* **RECORDS PROVIDED**
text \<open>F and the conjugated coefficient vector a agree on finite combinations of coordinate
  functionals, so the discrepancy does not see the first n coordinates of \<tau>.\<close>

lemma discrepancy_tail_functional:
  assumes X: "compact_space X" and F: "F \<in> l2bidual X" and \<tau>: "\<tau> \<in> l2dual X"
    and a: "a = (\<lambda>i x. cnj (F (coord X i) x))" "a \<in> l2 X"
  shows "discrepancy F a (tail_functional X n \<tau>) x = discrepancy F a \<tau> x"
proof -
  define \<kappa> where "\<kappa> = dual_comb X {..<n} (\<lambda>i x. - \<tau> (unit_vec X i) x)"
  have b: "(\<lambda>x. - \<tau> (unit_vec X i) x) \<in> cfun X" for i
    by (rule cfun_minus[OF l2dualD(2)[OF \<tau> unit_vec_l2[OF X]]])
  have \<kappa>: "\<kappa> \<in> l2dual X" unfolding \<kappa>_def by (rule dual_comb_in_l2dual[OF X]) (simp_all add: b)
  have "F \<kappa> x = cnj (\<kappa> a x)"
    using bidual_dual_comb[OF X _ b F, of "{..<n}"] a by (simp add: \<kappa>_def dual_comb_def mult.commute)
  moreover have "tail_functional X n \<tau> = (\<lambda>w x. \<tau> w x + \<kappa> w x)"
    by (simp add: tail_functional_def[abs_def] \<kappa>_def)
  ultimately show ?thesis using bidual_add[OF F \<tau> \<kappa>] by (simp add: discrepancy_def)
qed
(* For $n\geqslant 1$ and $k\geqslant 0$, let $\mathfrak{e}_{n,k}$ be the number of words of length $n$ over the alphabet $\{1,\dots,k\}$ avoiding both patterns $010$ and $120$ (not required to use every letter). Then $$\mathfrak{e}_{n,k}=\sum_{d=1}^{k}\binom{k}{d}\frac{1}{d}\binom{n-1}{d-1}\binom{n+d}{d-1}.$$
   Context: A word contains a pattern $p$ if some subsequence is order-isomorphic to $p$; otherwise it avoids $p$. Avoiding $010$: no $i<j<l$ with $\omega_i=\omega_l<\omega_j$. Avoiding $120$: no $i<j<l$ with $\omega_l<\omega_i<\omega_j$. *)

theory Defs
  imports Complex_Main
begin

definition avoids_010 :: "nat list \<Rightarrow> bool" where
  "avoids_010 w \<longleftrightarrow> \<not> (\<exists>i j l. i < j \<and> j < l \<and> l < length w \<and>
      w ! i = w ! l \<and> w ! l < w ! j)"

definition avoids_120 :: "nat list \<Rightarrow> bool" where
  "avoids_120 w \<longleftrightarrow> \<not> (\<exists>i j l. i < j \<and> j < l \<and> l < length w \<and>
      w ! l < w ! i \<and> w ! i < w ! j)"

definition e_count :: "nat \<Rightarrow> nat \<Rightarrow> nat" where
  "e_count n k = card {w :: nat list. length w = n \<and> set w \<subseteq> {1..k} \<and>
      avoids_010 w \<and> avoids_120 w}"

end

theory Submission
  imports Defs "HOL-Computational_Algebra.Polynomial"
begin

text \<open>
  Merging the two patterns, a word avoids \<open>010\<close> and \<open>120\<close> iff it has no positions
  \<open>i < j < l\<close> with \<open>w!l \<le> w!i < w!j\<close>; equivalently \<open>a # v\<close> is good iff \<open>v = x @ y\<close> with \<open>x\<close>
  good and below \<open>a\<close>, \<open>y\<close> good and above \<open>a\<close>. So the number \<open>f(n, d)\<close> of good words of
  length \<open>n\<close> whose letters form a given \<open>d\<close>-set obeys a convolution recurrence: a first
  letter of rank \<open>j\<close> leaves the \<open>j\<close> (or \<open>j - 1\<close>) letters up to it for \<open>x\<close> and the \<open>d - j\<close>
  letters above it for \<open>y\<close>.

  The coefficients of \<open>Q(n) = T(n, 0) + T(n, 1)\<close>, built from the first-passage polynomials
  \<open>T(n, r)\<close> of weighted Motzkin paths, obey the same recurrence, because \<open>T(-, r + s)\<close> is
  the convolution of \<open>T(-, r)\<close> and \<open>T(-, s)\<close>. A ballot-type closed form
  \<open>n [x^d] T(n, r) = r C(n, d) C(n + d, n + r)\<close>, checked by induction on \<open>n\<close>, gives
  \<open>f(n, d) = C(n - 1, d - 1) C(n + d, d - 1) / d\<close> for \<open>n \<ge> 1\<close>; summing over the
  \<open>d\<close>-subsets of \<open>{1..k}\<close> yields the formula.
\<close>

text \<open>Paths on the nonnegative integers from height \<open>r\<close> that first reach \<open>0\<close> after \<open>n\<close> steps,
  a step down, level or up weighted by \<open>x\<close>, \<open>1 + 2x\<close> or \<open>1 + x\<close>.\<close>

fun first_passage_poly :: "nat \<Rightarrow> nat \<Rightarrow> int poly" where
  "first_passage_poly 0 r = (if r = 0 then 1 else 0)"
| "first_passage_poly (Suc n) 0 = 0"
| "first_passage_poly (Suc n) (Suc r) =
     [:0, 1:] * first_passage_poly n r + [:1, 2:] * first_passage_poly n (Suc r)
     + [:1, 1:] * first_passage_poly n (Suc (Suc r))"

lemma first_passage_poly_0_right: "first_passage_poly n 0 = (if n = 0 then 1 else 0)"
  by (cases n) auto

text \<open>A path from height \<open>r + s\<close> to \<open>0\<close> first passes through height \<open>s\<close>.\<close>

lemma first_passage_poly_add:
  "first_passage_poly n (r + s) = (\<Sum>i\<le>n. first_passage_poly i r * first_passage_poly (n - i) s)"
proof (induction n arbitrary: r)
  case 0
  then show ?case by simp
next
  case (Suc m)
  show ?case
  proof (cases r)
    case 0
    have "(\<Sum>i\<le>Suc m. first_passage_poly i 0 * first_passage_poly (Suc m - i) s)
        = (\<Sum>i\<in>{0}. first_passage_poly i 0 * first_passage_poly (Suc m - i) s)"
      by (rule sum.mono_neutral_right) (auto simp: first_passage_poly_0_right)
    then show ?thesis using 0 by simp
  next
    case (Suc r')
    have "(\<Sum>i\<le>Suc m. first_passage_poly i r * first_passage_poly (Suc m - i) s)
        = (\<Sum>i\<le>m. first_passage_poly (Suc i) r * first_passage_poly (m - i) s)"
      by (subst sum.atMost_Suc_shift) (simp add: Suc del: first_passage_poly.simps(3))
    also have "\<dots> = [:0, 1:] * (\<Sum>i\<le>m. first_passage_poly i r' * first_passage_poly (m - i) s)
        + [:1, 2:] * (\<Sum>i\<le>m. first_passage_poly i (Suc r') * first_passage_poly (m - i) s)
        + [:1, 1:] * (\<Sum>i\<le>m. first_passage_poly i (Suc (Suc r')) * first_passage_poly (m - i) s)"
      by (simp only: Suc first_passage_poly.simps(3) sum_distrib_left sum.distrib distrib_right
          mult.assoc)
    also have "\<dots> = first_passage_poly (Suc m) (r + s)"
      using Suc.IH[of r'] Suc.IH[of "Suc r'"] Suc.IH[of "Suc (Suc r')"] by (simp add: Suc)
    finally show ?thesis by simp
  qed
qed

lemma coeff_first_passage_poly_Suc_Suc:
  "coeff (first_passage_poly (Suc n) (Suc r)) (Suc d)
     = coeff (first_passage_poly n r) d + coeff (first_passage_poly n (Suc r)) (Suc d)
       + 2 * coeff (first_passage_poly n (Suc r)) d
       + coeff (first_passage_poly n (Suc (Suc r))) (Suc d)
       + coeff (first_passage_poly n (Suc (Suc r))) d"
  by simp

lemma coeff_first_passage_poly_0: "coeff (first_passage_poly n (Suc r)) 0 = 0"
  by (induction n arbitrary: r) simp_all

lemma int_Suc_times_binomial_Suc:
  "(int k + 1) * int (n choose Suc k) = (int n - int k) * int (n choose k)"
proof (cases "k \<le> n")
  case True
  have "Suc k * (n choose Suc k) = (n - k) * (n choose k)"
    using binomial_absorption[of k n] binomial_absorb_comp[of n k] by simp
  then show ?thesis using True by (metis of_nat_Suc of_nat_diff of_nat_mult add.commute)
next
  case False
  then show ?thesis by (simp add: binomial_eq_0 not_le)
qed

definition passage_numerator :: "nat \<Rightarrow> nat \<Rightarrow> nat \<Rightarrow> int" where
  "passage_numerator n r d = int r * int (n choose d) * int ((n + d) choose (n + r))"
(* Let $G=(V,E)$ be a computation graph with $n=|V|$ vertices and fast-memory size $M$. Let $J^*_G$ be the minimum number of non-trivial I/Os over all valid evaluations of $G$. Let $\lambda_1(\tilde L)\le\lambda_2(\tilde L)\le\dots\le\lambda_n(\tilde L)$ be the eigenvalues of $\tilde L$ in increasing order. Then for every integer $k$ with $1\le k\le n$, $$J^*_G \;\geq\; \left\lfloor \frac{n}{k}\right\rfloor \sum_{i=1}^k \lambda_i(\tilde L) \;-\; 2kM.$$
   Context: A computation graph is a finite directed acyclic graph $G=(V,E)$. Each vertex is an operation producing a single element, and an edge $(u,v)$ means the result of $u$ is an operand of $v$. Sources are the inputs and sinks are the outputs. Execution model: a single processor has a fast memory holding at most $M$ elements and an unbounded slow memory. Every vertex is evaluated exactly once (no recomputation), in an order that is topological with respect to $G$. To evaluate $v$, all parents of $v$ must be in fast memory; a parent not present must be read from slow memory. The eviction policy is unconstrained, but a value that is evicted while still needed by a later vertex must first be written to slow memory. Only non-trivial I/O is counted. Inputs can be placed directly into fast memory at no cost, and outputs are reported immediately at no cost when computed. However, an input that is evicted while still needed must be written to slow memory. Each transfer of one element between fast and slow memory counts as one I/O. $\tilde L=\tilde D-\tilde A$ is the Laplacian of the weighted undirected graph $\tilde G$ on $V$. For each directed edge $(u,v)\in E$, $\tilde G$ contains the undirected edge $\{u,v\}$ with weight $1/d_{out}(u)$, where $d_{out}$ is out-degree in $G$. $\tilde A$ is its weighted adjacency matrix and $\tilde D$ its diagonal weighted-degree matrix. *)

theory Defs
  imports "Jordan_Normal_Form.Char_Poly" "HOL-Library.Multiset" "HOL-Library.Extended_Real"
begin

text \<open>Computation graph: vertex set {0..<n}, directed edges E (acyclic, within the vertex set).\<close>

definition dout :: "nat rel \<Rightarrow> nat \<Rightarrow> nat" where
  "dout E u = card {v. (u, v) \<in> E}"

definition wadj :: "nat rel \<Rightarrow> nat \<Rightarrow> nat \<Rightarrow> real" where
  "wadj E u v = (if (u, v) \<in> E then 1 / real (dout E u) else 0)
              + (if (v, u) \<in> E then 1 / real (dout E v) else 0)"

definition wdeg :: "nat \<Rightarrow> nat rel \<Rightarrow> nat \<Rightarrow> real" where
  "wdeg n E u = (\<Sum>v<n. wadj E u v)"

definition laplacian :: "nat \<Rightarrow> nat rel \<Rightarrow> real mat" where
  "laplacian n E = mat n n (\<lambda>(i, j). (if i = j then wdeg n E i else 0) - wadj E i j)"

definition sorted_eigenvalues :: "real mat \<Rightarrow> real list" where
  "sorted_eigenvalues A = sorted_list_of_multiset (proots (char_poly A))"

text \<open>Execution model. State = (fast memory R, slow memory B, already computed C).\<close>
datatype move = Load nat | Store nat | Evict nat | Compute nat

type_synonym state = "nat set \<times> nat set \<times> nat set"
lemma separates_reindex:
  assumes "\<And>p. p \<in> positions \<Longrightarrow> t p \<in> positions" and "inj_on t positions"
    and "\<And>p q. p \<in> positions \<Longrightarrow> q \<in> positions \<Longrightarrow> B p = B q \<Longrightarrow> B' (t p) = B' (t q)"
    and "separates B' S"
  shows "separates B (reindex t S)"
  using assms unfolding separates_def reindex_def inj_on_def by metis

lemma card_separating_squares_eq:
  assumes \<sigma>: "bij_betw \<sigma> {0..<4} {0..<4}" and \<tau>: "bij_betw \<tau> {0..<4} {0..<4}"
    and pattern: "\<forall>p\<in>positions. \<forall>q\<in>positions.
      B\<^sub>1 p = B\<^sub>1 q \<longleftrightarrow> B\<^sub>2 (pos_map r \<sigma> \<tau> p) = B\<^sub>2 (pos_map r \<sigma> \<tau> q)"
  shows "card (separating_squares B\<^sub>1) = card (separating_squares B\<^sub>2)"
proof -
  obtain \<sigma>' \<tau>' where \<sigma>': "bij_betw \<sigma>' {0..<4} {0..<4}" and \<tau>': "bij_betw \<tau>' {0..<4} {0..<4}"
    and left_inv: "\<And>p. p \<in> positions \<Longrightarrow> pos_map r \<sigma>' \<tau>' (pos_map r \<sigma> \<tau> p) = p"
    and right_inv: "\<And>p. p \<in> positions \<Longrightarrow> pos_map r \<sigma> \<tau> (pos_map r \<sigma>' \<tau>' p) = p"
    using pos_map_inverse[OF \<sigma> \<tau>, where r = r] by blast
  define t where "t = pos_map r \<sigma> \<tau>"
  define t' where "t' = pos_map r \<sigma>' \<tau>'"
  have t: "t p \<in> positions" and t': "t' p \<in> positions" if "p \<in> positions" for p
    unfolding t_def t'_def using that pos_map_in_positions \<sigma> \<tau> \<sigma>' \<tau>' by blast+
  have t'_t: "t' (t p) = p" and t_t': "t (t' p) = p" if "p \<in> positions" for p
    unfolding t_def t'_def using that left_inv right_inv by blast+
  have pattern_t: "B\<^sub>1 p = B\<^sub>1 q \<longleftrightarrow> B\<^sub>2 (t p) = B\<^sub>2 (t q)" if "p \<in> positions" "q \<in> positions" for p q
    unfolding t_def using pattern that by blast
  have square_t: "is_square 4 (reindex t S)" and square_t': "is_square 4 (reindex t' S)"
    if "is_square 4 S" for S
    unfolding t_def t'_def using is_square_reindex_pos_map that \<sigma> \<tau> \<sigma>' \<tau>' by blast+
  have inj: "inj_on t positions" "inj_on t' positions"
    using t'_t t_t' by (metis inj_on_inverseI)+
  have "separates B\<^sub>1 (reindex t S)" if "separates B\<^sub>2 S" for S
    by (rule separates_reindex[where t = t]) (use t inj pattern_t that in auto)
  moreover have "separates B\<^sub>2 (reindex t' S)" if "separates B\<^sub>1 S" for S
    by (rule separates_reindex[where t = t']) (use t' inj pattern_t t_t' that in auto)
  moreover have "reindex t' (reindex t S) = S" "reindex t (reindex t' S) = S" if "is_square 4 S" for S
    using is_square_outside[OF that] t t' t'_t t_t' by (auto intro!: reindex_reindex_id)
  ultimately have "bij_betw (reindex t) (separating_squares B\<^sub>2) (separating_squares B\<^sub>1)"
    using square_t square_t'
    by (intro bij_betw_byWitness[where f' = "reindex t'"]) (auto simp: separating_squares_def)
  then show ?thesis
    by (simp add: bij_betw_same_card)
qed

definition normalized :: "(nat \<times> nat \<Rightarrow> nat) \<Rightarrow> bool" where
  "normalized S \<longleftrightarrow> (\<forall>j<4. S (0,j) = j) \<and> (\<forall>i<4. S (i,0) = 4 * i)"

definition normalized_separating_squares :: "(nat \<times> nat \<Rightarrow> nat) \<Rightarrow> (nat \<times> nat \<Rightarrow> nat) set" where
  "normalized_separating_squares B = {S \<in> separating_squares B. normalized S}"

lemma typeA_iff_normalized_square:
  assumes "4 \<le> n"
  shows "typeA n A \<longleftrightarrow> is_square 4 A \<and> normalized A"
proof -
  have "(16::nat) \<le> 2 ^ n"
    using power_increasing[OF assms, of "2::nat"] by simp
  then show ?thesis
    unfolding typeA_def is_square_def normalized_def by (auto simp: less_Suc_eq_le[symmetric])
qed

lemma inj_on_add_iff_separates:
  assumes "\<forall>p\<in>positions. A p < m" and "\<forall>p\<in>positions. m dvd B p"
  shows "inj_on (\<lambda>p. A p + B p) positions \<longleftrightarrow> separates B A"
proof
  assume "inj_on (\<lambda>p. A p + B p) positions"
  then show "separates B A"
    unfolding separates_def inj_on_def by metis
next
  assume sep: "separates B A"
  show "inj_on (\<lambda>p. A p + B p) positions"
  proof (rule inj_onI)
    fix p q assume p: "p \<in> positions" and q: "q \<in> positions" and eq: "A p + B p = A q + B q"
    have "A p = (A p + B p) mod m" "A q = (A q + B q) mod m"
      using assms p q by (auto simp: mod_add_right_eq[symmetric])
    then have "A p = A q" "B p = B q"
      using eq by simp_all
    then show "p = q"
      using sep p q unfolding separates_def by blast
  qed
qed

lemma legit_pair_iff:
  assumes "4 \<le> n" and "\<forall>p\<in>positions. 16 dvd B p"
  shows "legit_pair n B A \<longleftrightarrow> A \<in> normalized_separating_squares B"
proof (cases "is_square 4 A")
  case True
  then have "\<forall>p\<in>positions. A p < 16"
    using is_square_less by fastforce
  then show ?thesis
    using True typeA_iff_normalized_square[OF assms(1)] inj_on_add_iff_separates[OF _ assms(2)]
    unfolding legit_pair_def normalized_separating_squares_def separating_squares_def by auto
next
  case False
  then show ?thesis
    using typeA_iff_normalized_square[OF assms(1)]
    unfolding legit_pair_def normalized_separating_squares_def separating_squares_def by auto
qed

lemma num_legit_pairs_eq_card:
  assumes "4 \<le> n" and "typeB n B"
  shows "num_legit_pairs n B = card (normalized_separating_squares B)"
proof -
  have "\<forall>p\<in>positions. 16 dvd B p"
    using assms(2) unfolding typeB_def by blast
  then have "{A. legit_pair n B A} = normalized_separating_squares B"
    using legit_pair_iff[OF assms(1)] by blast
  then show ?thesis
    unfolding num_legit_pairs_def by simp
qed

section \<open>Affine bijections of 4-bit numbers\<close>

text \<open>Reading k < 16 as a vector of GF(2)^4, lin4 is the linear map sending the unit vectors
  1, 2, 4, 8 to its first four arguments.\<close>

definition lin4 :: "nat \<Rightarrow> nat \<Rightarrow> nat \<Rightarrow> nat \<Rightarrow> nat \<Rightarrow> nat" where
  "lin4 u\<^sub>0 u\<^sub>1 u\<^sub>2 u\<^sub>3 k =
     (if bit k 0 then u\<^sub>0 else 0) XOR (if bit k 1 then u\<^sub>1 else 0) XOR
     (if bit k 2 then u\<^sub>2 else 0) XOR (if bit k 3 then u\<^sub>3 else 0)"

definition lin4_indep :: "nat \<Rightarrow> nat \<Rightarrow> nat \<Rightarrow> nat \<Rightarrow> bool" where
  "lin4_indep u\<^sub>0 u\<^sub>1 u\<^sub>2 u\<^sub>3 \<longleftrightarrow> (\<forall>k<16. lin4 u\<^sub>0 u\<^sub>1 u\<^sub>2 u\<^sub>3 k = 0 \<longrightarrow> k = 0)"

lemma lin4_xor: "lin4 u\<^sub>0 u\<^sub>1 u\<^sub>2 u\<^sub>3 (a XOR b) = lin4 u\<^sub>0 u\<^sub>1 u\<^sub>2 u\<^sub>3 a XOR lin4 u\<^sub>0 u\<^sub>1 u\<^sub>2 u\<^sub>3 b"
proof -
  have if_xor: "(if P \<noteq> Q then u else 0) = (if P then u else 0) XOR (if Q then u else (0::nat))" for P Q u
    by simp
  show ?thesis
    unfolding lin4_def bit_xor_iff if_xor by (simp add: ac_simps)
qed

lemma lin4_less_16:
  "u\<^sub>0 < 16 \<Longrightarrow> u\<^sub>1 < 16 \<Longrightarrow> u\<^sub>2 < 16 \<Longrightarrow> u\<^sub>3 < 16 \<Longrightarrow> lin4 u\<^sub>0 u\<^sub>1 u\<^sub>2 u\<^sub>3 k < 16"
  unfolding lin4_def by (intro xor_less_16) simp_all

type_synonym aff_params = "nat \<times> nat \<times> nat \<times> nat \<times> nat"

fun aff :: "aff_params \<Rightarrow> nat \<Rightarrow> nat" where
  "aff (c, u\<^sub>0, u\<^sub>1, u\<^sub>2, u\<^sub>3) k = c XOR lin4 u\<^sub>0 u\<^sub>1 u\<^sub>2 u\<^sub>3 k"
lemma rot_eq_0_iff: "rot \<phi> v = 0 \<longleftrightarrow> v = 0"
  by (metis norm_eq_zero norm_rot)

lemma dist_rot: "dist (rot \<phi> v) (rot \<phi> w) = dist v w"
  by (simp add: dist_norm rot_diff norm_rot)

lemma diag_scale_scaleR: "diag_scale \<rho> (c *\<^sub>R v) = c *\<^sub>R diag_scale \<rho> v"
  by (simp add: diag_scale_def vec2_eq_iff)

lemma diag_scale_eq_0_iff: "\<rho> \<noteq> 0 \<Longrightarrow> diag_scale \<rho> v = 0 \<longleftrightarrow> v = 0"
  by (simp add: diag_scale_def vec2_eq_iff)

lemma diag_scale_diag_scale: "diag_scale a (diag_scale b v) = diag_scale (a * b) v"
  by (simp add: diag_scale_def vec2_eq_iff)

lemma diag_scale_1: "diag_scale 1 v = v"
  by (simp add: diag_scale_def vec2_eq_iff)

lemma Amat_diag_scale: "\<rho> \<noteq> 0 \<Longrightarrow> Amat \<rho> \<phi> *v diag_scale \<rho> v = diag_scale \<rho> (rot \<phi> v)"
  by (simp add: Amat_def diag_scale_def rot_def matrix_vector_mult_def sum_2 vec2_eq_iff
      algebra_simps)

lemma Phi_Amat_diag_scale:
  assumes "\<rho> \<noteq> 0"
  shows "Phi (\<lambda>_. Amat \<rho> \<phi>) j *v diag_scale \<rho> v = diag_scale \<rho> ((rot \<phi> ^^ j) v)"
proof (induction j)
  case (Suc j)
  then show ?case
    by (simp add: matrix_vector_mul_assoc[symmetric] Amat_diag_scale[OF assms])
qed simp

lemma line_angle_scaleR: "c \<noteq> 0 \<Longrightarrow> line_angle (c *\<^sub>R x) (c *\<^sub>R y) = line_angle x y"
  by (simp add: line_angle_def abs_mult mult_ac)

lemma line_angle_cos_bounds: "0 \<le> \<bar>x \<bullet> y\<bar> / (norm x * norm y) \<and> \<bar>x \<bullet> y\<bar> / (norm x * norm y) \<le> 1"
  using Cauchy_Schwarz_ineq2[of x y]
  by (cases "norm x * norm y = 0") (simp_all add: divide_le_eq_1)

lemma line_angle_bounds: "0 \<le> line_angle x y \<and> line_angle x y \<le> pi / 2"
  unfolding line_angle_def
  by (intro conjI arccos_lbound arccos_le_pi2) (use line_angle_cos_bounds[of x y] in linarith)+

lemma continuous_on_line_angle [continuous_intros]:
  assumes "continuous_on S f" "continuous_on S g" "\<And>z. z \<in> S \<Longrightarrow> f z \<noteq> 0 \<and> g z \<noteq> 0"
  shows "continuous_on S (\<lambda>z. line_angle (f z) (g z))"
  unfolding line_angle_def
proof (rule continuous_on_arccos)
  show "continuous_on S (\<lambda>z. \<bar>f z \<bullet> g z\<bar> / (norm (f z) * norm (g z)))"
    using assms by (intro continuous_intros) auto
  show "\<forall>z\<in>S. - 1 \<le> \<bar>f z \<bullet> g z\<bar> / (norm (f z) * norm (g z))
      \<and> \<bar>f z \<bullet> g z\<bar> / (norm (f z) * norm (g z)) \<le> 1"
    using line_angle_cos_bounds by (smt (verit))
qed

* **TASK DETAILS**
A single number is expected: the count of lines in the entries that carry the string "dout".

* **SOLUTION FOR THIS PROBLEM**
4